June 22 2016
Paola Miyazato, Hiroo Katsuya, Asami Fukuda, Yoshikazu Uchiyama, Misaki Matsuo, Michiyo Tokunaga, Shinjiro Hino, Mitsuyoshi Nakao & Yorifumi Satou*
Application of targeted enrichment to next-generation sequencing of retroviruses integrated into the host human genome (* corresponding author)
Scientific Reports 6, Article number: 28324 (2016) doi:10.1038/srep28324
*Proviruses, integrated forms of retroviruses, are currently the focus of attention due to the difficulty encountered in their eradication from infected people.
*We report a novel probe-based hybridization capture method that facilitates the analysis of integrated proviruses, with high through-put depth.
*The method versatile enough to be applied to the analysis of DNA and RNA sequences and its flexibility tolerates a certain degree of genetic variations in the analyzed sequences.

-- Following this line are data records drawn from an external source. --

(* Let $\mathbf P=UV^\top$ be the transition matrix of a Markov chain on $\{1,\dots,p\}$ with stationary distribution $\pi$ having all entries positive, where $U,V\in\mathbb R^{p\times r}$ are entrywise nonnegative with $U\mathbf 1_r=\mathbf 1_p$, $V^\top\mathbf 1_p=\mathbf 1_r$, each meta-state has an anchor state, and $\mathrm{rank}(U)=r$. Let $\mathbf h_1,\dots,\mathbf h_r$ be the right singular vectors of $\mathbf Q=\mathrm{diag}(\pi)\mathbf P[\mathrm{diag}(\pi)]^{-1/2}$ associated with its nonzero singular values $\sigma_1\ge\dots\ge\sigma_r$, and assume $\mathbf h_1$ has all coordinates positive. Let $\mathbf D=[\mathrm{diag}(\mathbf h_1)]^{-1}[\mathbf h_2,\dots,\mathbf h_r]\in\mathbb R^{p\times(r-1)}$. Then there exists a simplex $\mathcal S_0^*\subset\mathbb R^{r-1}$ with $r$ vertices $\mathbf b_1,\dots,\mathbf b_r$ such that all rows of $\mathbf D$ are contained in this simplex. Furthermore, for all anchor states $j$ of a same meta-state, the $j$-th row of $\mathbf D$ falls exactly onto one vertex of this simplex.
   Context: A state $j$ is an anchor state of meta-state $k$ if $V_{jk}>0$ and $V_{js}=0$ for all $s\neq k$. *)

theory Defs
  imports "Jordan_Normal_Form.DL_Rank"
begin

definition diag_of_vec :: "real vec \<Rightarrow> real mat" where
  "diag_of_vec v = mat (dim_vec v) (dim_vec v) (\<lambda>(i,j). if i = j then v $ i else 0)"

definition nonneg_mat :: "real mat \<Rightarrow> bool" where
  "nonneg_mat A \<longleftrightarrow> (\<forall>i<dim_row A. \<forall>j<dim_col A. A $$ (i,j) \<ge> 0)"

definition transition_mat :: "nat \<Rightarrow> real mat \<Rightarrow> bool" where
  "transition_mat p P \<longleftrightarrow> P \<in> carrier_mat p p \<and> nonneg_mat P \<and>
     (\<forall>i<p. (\<Sum>j<p. P $$ (i,j)) = 1)"

definition stationary_dist :: "nat \<Rightarrow> real mat \<Rightarrow> real vec \<Rightarrow> bool" where
  "stationary_dist p P \<pi> \<longleftrightarrow> \<pi> \<in> carrier_vec p \<and> (\<forall>i<p. \<pi> $ i \<ge> 0) \<and>
     (\<Sum>i<p. \<pi> $ i) = 1 \<and> transpose_mat P *\<^sub>v \<pi> = \<pi>"

definition anchor_state :: "real mat \<Rightarrow> nat \<Rightarrow> nat \<Rightarrow> bool" where
  "anchor_state V j k \<longleftrightarrow> j < dim_row V \<and> k < dim_col V \<and> V $$ (j,k) > 0 \<and>
     (\<forall>s<dim_col V. s \<noteq> k \<longrightarrow> V $$ (j,s) = 0)"

definition right_singular_vector :: "real mat \<Rightarrow> real \<Rightarrow> real vec \<Rightarrow> bool" where
  "right_singular_vector Q \<sigma> h \<longleftrightarrow> h \<in> carrier_vec (dim_col Q) \<and> h \<bullet> h = 1 \<and>
     (\<exists>u \<in> carrier_vec (dim_row Q). u \<bullet> u = 1 \<and> Q *\<^sub>v h = \<sigma> \<cdot>\<^sub>v u \<and>
        transpose_mat Q *\<^sub>v u = \<sigma> \<cdot>\<^sub>v h)"

(* b 0, ..., b (r-1) are the r vertices of a simplex in R^d (affinely independent) *)
definition simplex_vertices :: "nat \<Rightarrow> nat \<Rightarrow> (nat \<Rightarrow> real vec) \<Rightarrow> bool" where
  "simplex_vertices d r b \<longleftrightarrow> (\<forall>k<r. b k \<in> carrier_vec d) \<and>
     (\<forall>c::nat \<Rightarrow> real. (\<Sum>k<r. c k) = 0 \<and> (\<forall>i<d. (\<Sum>k<r. c k * b k $ i) = 0)
         \<longrightarrow> (\<forall>k<r. c k = 0))"

definition in_simplex :: "nat \<Rightarrow> nat \<Rightarrow> (nat \<Rightarrow> real vec) \<Rightarrow> real vec \<Rightarrow> bool" where
  "in_simplex d r b x \<longleftrightarrow> x \<in> carrier_vec d \<and>
     (\<exists>w::nat \<Rightarrow> real. (\<forall>k<r. w k \<ge> 0) \<and> (\<Sum>k<r. w k) = 1 \<and>
        (\<forall>i<d. x $ i = (\<Sum>k<r. w k * b k $ i)))"

end

theory Submission
  imports Defs
begin

(* Since \<sigma>_k \<noteq> 0, the right singular vector h_k lies in the range of
   Q^T = diag(\<pi>)^(-1/2) V U^T diag(\<pi>), so h_k = diag(\<pi>)^(-1/2) V c_k for some c_k in R^r,
   and orthonormality of h_1, ..., h_r makes the r x r coefficient matrix C = (c_k(s)) nonsingular.
   Dividing by h_1 cancels diag(\<pi>)^(-1/2): row j of D is the convex combination, with weights
   proportional to V_js c_1(s) \<ge> 0, of the points b_s = (c_2(s), ..., c_r(s)) / c_1(s).
   At an anchor state j of s the row of V is supported on s, so row j of D is exactly b_s; this
   also gives c_1(s) > 0 from h_1 > 0. Nonsingularity of C makes the b_s affinely independent. *)

lemma dim_diag_of_vec [simp]:
  "dim_row (diag_of_vec v) = dim_vec v" "dim_col (diag_of_vec v) = dim_vec v"
  by (simp_all add: diag_of_vec_def)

The recent development and advancement of next-generation sequencing (NGS) technologies have enabled the characterization of the human genome at extremely high resolution. In the retrovirology field, NGS technologies have been applied to integration-site analysis and deep sequencing of viral genomes in combination with PCR amplification using virus-specific primers. Nevertheless, viral sequences are poorly detected, because proviral DNA is very scarce compared to the human genomic DNA. Here, we have developed and evaluated the use of biotinylated DNA probes for the capture of viral genetic fragments from a library prepared for NGS. Our results demonstrated that viral sequence detection was hundreds or thousands of times more sensitive after enrichment, enabling us to reduce the economic burden that arises when attempting to analyze the epigenetic landscape of proviruses by NGS. Taken together, we propose that this approach is a powerful tool to clarify the mechanisms of transcriptional and epigenetic regulation of retroviral proviruses that have, until now, remained elusive.